#### INSTRUCTIONS TO FOLLOW
Among the records that follow, find each line holding the word "transform" and copy it.

--- RECORDED DATA ---

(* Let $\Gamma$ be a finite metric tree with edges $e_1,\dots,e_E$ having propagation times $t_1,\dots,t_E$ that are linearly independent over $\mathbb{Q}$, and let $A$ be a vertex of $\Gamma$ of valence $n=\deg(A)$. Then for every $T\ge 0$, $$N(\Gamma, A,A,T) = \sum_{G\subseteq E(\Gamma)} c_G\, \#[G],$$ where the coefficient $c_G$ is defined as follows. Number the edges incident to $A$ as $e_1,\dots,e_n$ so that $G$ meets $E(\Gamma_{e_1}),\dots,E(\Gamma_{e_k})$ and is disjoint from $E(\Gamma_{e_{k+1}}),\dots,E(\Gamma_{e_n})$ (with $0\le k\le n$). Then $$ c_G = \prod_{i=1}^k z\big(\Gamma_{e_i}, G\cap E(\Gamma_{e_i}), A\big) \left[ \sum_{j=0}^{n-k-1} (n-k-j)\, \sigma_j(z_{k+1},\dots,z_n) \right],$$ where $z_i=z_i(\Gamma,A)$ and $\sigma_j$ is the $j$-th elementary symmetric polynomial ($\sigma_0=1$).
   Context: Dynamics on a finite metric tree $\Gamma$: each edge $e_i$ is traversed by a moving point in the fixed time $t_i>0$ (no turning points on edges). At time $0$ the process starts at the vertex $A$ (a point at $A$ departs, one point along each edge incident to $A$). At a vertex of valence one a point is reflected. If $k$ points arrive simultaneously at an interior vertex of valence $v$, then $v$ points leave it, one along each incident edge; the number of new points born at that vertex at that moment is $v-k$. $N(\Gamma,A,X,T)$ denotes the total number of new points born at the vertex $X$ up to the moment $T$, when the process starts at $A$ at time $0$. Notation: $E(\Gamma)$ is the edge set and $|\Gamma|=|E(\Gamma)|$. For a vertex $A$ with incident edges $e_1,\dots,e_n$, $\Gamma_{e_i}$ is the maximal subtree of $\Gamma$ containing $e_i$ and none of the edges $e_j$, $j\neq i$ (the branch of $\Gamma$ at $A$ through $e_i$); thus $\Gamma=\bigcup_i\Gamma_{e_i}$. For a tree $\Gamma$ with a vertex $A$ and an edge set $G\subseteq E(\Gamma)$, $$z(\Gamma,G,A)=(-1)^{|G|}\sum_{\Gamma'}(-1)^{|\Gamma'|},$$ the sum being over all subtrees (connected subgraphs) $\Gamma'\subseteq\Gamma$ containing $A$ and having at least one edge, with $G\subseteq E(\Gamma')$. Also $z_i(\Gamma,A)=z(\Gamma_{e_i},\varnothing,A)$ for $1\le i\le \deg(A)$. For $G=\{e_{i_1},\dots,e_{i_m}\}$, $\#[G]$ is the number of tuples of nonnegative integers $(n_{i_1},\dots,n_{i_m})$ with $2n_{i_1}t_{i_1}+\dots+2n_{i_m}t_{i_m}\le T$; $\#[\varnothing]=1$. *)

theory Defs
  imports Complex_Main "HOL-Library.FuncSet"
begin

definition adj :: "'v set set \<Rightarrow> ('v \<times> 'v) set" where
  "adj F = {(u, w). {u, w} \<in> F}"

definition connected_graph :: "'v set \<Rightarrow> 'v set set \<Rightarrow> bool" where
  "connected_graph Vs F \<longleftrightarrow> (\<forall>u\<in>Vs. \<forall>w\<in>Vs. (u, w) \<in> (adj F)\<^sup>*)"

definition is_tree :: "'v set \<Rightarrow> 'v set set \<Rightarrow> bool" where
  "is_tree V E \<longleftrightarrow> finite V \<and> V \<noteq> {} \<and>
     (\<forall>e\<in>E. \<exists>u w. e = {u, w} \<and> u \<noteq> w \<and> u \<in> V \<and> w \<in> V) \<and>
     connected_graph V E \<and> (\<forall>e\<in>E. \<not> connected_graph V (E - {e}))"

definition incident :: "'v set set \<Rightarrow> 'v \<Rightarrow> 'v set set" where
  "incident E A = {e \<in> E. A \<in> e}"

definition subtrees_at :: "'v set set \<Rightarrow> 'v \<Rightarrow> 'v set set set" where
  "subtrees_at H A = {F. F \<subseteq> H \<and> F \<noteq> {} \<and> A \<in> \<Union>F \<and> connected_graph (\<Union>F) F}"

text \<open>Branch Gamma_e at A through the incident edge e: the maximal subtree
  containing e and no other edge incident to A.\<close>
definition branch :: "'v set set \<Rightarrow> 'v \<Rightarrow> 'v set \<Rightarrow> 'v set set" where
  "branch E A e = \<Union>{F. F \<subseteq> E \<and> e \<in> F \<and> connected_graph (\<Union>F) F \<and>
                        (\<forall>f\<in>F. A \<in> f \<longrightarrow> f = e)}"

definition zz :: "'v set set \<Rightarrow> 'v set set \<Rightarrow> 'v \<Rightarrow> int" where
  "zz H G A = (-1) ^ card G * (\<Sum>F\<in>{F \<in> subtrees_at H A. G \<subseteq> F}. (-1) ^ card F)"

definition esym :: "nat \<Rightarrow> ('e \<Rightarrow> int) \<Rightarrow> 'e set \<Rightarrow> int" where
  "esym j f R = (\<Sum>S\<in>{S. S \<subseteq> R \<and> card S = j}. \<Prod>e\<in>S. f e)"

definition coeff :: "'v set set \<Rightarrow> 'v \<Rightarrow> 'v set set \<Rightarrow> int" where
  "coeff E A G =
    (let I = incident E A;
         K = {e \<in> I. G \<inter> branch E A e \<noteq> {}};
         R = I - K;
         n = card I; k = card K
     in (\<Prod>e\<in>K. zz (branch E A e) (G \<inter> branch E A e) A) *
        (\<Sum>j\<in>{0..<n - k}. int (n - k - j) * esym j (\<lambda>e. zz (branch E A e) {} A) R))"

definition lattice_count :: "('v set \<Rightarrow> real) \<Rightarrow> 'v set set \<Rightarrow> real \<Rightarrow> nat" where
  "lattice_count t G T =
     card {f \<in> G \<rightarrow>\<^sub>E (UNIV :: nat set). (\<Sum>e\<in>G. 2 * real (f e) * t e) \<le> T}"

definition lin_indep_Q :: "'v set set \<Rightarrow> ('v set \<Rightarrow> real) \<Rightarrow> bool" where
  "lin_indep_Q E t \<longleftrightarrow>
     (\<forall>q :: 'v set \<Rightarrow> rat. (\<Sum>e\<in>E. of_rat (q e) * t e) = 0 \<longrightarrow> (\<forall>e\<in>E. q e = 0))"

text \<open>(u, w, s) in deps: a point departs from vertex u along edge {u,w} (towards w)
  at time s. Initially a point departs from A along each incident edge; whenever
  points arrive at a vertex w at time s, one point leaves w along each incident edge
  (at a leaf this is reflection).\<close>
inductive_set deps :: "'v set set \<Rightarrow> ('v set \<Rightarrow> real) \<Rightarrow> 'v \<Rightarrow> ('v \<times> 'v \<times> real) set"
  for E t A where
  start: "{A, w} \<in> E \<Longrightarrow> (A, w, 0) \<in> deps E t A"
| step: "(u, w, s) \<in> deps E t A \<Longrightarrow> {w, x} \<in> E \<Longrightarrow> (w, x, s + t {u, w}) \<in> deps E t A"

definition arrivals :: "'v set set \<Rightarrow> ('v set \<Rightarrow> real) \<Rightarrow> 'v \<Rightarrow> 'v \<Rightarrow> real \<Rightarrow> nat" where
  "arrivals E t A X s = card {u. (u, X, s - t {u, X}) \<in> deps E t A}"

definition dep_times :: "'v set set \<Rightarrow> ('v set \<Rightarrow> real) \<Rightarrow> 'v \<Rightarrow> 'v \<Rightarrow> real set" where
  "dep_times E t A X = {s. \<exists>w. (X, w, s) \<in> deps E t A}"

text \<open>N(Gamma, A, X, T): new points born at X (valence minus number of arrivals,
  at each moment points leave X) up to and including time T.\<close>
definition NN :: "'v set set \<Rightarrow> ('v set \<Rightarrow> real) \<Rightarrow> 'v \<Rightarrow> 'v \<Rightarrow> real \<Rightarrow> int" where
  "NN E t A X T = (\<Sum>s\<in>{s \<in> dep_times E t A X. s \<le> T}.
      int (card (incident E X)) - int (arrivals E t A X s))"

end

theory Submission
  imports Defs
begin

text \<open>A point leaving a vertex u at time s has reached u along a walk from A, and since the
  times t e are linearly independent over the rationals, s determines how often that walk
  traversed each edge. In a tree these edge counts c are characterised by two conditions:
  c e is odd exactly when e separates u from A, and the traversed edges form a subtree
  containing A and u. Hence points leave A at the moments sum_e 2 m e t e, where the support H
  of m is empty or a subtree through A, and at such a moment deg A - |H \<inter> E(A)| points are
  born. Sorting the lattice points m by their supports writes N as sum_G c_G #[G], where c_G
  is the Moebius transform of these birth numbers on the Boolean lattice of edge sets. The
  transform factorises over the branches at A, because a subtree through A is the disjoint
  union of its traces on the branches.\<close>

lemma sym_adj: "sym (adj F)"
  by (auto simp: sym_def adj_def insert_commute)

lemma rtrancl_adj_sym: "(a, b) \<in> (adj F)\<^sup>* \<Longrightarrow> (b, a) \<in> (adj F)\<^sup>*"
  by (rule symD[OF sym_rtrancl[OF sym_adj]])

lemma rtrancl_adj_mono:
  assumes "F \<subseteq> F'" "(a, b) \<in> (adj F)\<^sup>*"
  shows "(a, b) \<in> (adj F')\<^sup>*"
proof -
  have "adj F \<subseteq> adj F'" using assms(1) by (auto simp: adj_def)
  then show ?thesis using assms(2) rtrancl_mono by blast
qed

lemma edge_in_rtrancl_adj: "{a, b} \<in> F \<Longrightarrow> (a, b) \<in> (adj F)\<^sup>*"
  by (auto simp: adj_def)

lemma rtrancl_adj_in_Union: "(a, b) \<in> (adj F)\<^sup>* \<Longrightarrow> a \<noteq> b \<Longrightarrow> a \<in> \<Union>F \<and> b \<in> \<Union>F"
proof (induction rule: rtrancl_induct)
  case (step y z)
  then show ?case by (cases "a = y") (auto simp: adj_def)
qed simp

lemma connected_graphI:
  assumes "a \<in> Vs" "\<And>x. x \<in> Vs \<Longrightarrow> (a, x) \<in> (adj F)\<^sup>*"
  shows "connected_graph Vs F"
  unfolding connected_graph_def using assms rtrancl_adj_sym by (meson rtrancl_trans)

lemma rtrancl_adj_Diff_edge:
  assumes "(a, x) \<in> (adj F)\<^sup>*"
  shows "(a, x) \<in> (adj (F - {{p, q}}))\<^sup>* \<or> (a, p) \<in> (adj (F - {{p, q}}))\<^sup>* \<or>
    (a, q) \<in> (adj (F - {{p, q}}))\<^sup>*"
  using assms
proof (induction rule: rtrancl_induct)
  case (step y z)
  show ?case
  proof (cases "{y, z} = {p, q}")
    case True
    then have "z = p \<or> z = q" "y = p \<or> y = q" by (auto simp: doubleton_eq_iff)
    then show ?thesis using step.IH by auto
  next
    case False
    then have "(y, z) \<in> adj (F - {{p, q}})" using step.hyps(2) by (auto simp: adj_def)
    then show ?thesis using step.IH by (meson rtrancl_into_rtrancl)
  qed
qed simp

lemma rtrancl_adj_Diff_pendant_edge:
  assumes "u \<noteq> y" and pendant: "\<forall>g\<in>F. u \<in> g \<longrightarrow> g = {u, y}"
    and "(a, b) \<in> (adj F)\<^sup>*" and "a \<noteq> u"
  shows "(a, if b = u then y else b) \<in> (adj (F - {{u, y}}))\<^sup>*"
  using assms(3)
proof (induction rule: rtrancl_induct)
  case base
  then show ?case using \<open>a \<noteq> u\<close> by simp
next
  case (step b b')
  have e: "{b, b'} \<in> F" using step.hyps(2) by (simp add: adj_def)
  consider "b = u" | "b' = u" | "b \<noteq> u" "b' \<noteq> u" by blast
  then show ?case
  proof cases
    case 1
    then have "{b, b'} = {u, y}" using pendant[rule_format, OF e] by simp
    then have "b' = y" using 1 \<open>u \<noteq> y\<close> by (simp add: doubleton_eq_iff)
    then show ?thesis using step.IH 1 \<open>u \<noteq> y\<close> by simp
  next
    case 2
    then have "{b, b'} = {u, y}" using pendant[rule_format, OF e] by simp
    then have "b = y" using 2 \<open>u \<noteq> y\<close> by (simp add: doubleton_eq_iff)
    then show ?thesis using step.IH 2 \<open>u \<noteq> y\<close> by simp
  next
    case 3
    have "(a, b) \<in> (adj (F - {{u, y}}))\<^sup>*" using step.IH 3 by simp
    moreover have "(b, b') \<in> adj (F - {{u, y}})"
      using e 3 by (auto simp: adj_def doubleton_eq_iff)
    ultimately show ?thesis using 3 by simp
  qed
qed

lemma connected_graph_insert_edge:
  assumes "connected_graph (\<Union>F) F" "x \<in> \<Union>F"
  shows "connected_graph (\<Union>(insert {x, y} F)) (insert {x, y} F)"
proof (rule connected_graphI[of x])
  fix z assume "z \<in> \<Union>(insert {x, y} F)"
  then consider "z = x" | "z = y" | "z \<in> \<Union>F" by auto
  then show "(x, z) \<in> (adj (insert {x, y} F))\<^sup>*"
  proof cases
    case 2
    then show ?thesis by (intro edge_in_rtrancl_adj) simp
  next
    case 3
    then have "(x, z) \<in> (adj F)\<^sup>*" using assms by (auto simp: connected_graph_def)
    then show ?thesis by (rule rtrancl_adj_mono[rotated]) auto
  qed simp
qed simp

---

#### ANSWER TO THE EXERCISE
  is the Moebius transform of these birth numbers on the Boolean lattice of edge sets. The
  transform factorises over the branches at A, because a subtree through A is the disjoint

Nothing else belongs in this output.